The parish is one of farms, woods, dispersed residences and businesses, and the settlements of Staplecross (the largest), Collier's Green, Ewhurst Green, and Cripps Corner.

There are two parish churches, one dedicated to St. James the Greater in Ewhurst Green, and one to St Mark in Staplecross. There are two public houses: the Cross Inn at Staplecross and The White Dog at Ewhurst Green. The White Hart at Cripps Corner closed its doors in 2021.
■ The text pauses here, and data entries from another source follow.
lemma permutes_ascending_eq_id:
  fixes r :: "nat \<Rightarrow> nat"
  assumes r: "r permutes {1..n}" and asc: "\<And>k. 1 \<le> k \<Longrightarrow> k < n \<Longrightarrow> r k \<le> r (Suc k)"
  shows "r = id"
proof -
  have ge: "k \<le> r k" if "k \<in> {1..n}" for k
    using that
  proof (induction k)
    case (Suc k)
    show ?case
    proof (cases "k = 0")
      case True
      then show ?thesis
        using permutes_in_image[OF r] Suc.prems by auto
    next
      case False
      have "r k \<noteq> r (Suc k)"
        using permutes_inj[OF r] by (metis injD n_not_Suc_n)
      then show ?thesis
        using Suc False asc[of k] by auto
    qed
  qed simp
  have "sum id {1..n} = sum r {1..n}"
    using sum.permute[OF r, of id] by simp
  then have "r k = k" if "k \<in> {1..n}" for k
    using ge sum_strict_mono_ex1[of "{1..n}" id r] that
    by (metis finite_atLeastAtMost id_apply le_neq_implies_less less_irrefl)
  then show ?thesis
    using permutes_not_in[OF r] by fastforce
qed

lemma exists_word_le_card_inversions:
  assumes "w permutes {1..n}"
  shows "\<exists>ss. set ss \<subseteq> simple_transpositions n \<and> w = foldr (\<circ>) ss id
    \<and> length ss \<le> card (inversions n (inv w))"
  using assms
proof (induction "card (inversions n (inv w))" arbitrary: w rule: less_induct)
  case less
  show ?case
  proof (cases "\<exists>k. 1 \<le> k \<and> k < n \<and> inv w (Suc k) < inv w k")
    case True
    then obtain k where k: "1 \<le> k" "k < n" "inv w (Suc k) < inv w k"
      by blast
    define s where "s = transpose k (Suc k)"
    have s: "s permutes {1..n}" "s \<in> simple_transpositions n"
      using k by (auto simp: s_def simple_transpositions_def intro: permutes_swap_id)
    have inv_sw: "inv (s \<circ> w) = inv w \<circ> s"
      using o_inv_distrib[OF permutes_bij[OF s(1)] permutes_bij[OF less.prems]]
      by (simp add: s_def)
    have "card (inversions n (inv w \<circ> s))
        < card (inversions n (inv w \<circ> s \<circ> transpose k (Suc k)))"
      by (rule card_inversions_less_transpose) (use k in \<open>auto simp: s_def\<close>)
    then have "card (inversions n (inv (s \<circ> w))) < card (inversions n (inv w))"
      unfolding inv_sw by (simp add: s_def comp_assoc)
    then obtain ss where ss: "set ss \<subseteq> simple_transpositions n" "s \<circ> w = foldr (\<circ>) ss id"
        "length ss \<le> card (inversions n (inv (s \<circ> w)))"
      using less.hyps permutes_compose[OF less.prems s(1)] by blast
    have "w = foldr (\<circ>) (s # ss) id"
      by (simp add: ss(2)[symmetric] s_def flip: comp_assoc)
    with s ss \<open>card (inversions n (inv (s \<circ> w))) < _\<close> show ?thesis
      by (intro exI[of _ "s # ss"]) auto
  next
    case False
    then have "inv w = id"
      by (intro permutes_ascending_eq_id[OF permutes_inv[OF less.prems]]) (use False in fastforce)
    then have "w = id"
      by (metis inv_id permutes_inv_inv[OF less.prems])
    then show ?thesis
      by (intro exI[of _ "[]"]) simp
  qed
qed

lemma len_eq_card_inversions:
  assumes "w permutes {1..n}"
  shows "len n w = card (inversions n (inv w))"
proof -
  let ?word = "\<lambda>k. \<exists>ss. length ss = k \<and> set ss \<subseteq> simple_transpositions n
    \<and> w = foldr (\<circ>) ss id"
  obtain ss where "set ss \<subseteq> simple_transpositions n" "w = foldr (\<circ>) ss id"
      "length ss \<le> card (inversions n (inv w))"
    using exists_word_le_card_inversions[OF assms] by blast
  then have ss: "?word (length ss)" "length ss \<le> card (inversions n (inv w))"
    by blast+
  then have "len n w \<le> card (inversions n (inv w))"
    unfolding len_def using Least_le[of ?word] by fastforce
  moreover obtain ss' where "length ss' = len n w" "set ss' \<subseteq> simple_transpositions n"
      "w = foldr (\<circ>) ss' id"
    using LeastI[of ?word, OF ss(1)] unfolding len_def by blast
  then have "card (inversions n (inv w)) \<le> len n w"
    using card_inversions_word_le by metis
  ultimately show ?thesis
    by simp
qed

lemma len_transpose_comp_less:
  assumes w: "w permutes {1..n}" and ab: "a < b" "a \<in> {1..n}" "b \<in> {1..n}"
    and "inv w b < inv w a"
  shows "len n (transpose a b \<circ> w) < len n w"
proof -
  have "transpose a b permutes {1..n}"
    using ab by (intro permutes_swap_id)
  then have "inv (transpose a b \<circ> w) = inv w \<circ> transpose a b"
    and "transpose a b \<circ> w permutes {1..n}"
    using o_inv_distrib[OF permutes_bij permutes_bij[OF w]] permutes_compose[OF w] by simp_all
  moreover have "card (inversions n (inv w \<circ> transpose a b))
      < card (inversions n (inv w \<circ> transpose a b \<circ> transpose a b))"
    using assms by (intro card_inversions_less_transpose) auto
  ultimately show ?thesis
    using len_eq_card_inversions w by (simp add: comp_assoc)
qed

lemma bruhat_edgeE:
  assumes "bruhat_edge n w w'"
  obtains a b where "a < b" "w' = transpose a b \<circ> w" "inv w a < inv w b"
proof -
  have w: "w permutes {1..n}" and up: "len n w < len n w'"
    using assms by (auto simp: bruhat_edge_def Sym_def)
  obtain a0 b0 where t: "w' \<circ> inv w = transpose a0 b0" "a0 \<in> {1..n}" "b0 \<in> {1..n}"
      "a0 \<noteq> b0"
    using assms by (auto simp: bruhat_edge_def transpositions_def)
  define a where "a = min a0 b0"
  define b where "b = max a0 b0"
  have ab: "a < b" "a \<in> {1..n}" "b \<in> {1..n}" "transpose a b = transpose a0 b0"
    using t by (auto simp: a_def b_def min_def max_def transpose_commute)
  have w': "w' = transpose a b \<circ> w"
    by (metis ab(4) t(1) comp_assoc comp_id permutes_inv_o(2)[OF w])
  have "inv w a \<noteq> inv w b"
    using permutes_inj[OF permutes_inv[OF w]] ab(1) by (metis injD less_irrefl)
  moreover have "\<not> inv w b < inv w a"
    using len_transpose_comp_less[OF w ab(1-3)] up w' by auto
  ultimately show ?thesis
    using that ab(1) w' by simp
qed

text \<open>With \<open>p = x\<^sup>-\<^sup>1\<close>, \<open>bruhat_factor p g a b\<close> says that \<open>x \<rightarrow> (a b) x \<rightarrow> g x\<close> is a path
  in the Bruhat graph.\<close>

definition bruhat_factor :: "(nat \<Rightarrow> nat) \<Rightarrow> (nat \<Rightarrow> nat) \<Rightarrow> nat \<Rightarrow> nat \<Rightarrow> bool" where
  "bruhat_factor p g a b \<longleftrightarrow> a < b \<and> p a < p b \<and>
     (\<exists>c d. c < d \<and> g = transpose c d \<circ> transpose a b
        \<and> p (transpose a b c) < p (transpose a b d))"

lemma bruhat_factorE:
  assumes "bruhat_factor p g a b"
  obtains c d where "a < b" "c < d" "(c, d) \<noteq> (a, b)" "g = transpose c d \<circ> transpose a b"
    "p (transpose a b c) < p (transpose a b d)"
  using assms unfolding bruhat_factor_def by fastforce

lemma bruhat_factor_moves:
  assumes "bruhat_factor p g a b"
  shows "g a \<noteq> a" "g b \<noteq> b"
  using assms by (auto elim!: bruhat_factorE dest: transpose_comp_transpose_moves)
The former A229 road (now the B2244) crosses the parish from north to south. The Kent and East Sussex Railway follows the river in the north of the parish, where Bodiam station takes its name from the neighbouring parish of Bodiam. The line closed in 1961 but has been partly reopened as a heritage railway, which was extended to Bodiam in 2000; the station is at present the southern terminus.

==Governance==
Ewhurst is part of the electoral ward called Ewhurst and Sedlescombe. The population of this ward at the 2011 census was 2,606.